At the request of Bhante @sujato I want to make a proposal for a new, easily readable JSON structure for th Parallels.json file.

<h2>Methodology</h2>

There are four types of parallels, which are specified here: https://suttacentral.net/methodology?lang=en

Next to these, there are parallels of part of a text. So, for instance, if the first part of a sutta (A) is a full parallel to the first part of another sutta (B), but the rest of these suttas do not match.
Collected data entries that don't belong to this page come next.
lemma loop_q20:
  assumes "\<And>x. p \<le> x \<Longrightarrow> x < p + t \<Longrightarrow> tape w x = Sym La \<or> (tape w x = Sym Lb \<and> x \<notin> S)"
    "p + t \<le> length w" "j = 2 * p" "p' = p + t" "j' = 2 * p'" "mv' = mv + 3 * t"
  shows "reaches pow2_oia w (axis_conf 20 p j S C D None mv) (axis_conf 20 p' j' S C D None mv')"
  using assms
proof (induction t arbitrary: p j mv)
  case 0 then show ?case by (simp add: reaches_refl)
next
  case (Suc t)
  have hp: "tape w p = Sym La \<or> (tape w p = Sym Lb \<and> p \<notin> S)" using Suc.prems by simp
  have e: "pow2_delta 20 (tape w p) (out pow2_oia w (axis_conf 20 p j S C D None mv)) = (19, HR, DR, NoAct)"
    using hp Suc.prems(2,3) by (auto simp: pow2_delta_simps)
  from Suc.prems show ?case
    apply -
    apply (rule reaches_plain_step[OF e], simp)
    apply (rule reaches_plain_step, simp add: pow2_delta_simps, simp)
    apply (simp (no_asm) only: move_simps, rule Suc.IH[of "Suc p"]; simp)
    done
qed

lemma loop_q23:
  assumes "\<And>x. p \<le> x \<Longrightarrow> x < p + t \<Longrightarrow> tape w x = Sym Lb \<and> x \<notin> S"
    "p + t \<le> length w" "j = 2 * p" "p' = p + t" "j' = 2 * p'" "mv' = mv + 3 * t"
  shows "reaches pow2_oia w (axis_conf 23 p j S C D None mv) (axis_conf 23 p' j' S C D None mv')"
  using assms
proof (induction t arbitrary: p j mv)
  case 0 then show ?case by (simp add: reaches_refl)
next
  case (Suc t)
  have "tape w p = Sym Lb \<and> p \<notin> S" using Suc.prems by simp
  with Suc.prems show ?case
    apply -
    apply (rule reaches_plain_step, simp add: pow2_delta_simps, simp)
    apply (rule reaches_plain_step, simp add: pow2_delta_simps, simp)
    apply (simp (no_asm) only: move_simps, rule Suc.IH[of "Suc p"]; simp)
    done
qed

lemma loop_q16:
  assumes "\<And>x. d \<le> x \<Longrightarrow> x < d + t \<Longrightarrow> x \<notin> S" "\<And>x. h \<le> x \<Longrightarrow> x < h + 3 * t \<Longrightarrow> tape w x = Sym Lb"
    "h + 3 * t \<le> length w + 1" "d + t \<le> length w" "j = 2 * d" "h' = h + 3 * t" "j' = 2 * (d + t)"
    "mv' = mv + 5 * t"
  shows "reaches pow2_oia w (axis_conf 16 h j S C D None mv) (axis_conf 16 h' j' S C D None mv')"
  using assms
proof (induction t arbitrary: h d j mv)
  case 0 then show ?case by (simp add: reaches_refl)
next
  case (Suc t)
  have "d \<notin> S \<and> tape w h = Sym Lb \<and> tape w (Suc h) = Sym Lb \<and> tape w (Suc (Suc h)) = Sym Lb"
    using Suc.prems(1)[of d] Suc.prems(2)[of h] Suc.prems(2)[of "Suc h"] Suc.prems(2)[of "Suc (Suc h)"] by simp
  with Suc.prems show ?case
    apply -
    apply (rule reaches_plain_step, simp add: pow2_delta_simps, simp)
    apply (rule reaches_plain_step, simp add: pow2_delta_simps, simp)
    apply (rule reaches_plain_step, simp add: pow2_delta_simps, simp)
    apply (simp (no_asm) only: move_simps, rule Suc.IH[where d="Suc d"])
    apply simp_all
    done
qed

lemma loop_q17:
  assumes "\<And>x. b < x \<Longrightarrow> x \<le> b + t \<Longrightarrow> tape w x = Sym Lb" "b + t \<le> length w"
    "h = b + t" "mv' = mv + t"
  shows "reaches pow2_oia w (axis_conf 17 h j S C D None mv) (axis_conf 17 b j S C D None mv')"
  using assms
proof (induction t arbitrary: h mv)
  case 0 then show ?case by (simp add: reaches_refl)
next
  case (Suc t)
  have "tape w (Suc (b + t)) = Sym Lb" using Suc.prems by simp
  with Suc.prems show ?case
    apply -
    apply (rule reaches_plain_step, simp add: pow2_delta_simps, simp)
    apply (simp (no_asm) only: move_simps, rule Suc.IH; simp)
    done
qed

lemma loop_q22:
  assumes "\<And>x. b < x \<Longrightarrow> x \<le> b + t \<Longrightarrow> x \<notin> S" "b + t \<le> length w"
    "j = 2 * (b + t)" "j' = 2 * b" "mv' = mv + 2 * t"
  shows "reaches pow2_oia w (axis_conf 22 h j S C D None mv) (axis_conf 22 h j' S C D None mv')"
  using assms
proof (induction t arbitrary: j mv)
  case 0 then show ?case by (simp add: reaches_refl)
next
  case (Suc t)
  have "Suc (b + t) \<notin> S" using Suc.prems by simp
  with Suc.prems show ?case
    apply -
    apply (rule reaches_plain_step, simp add: pow2_delta_simps, simp)
    apply (rule reaches_plain_step, simp add: pow2_delta_simps, simp)
    apply (simp (no_asm) only: move_simps, rule Suc.IH; simp)
    done
qed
Then these two suttas can be represented as a "resembling parallel" or these first parts on their own can be represented as a "full parallel" by using their line numbers or paragraph ids to represent a range.

_A is a resembling parallel to B and B is a resembling parallel to A_
or
_A#sc1-#sc10 is a full parallels to B#sc1-#sc10_

Currently, the choice between these is sometimes clear, but sometimes a bit arbitrary.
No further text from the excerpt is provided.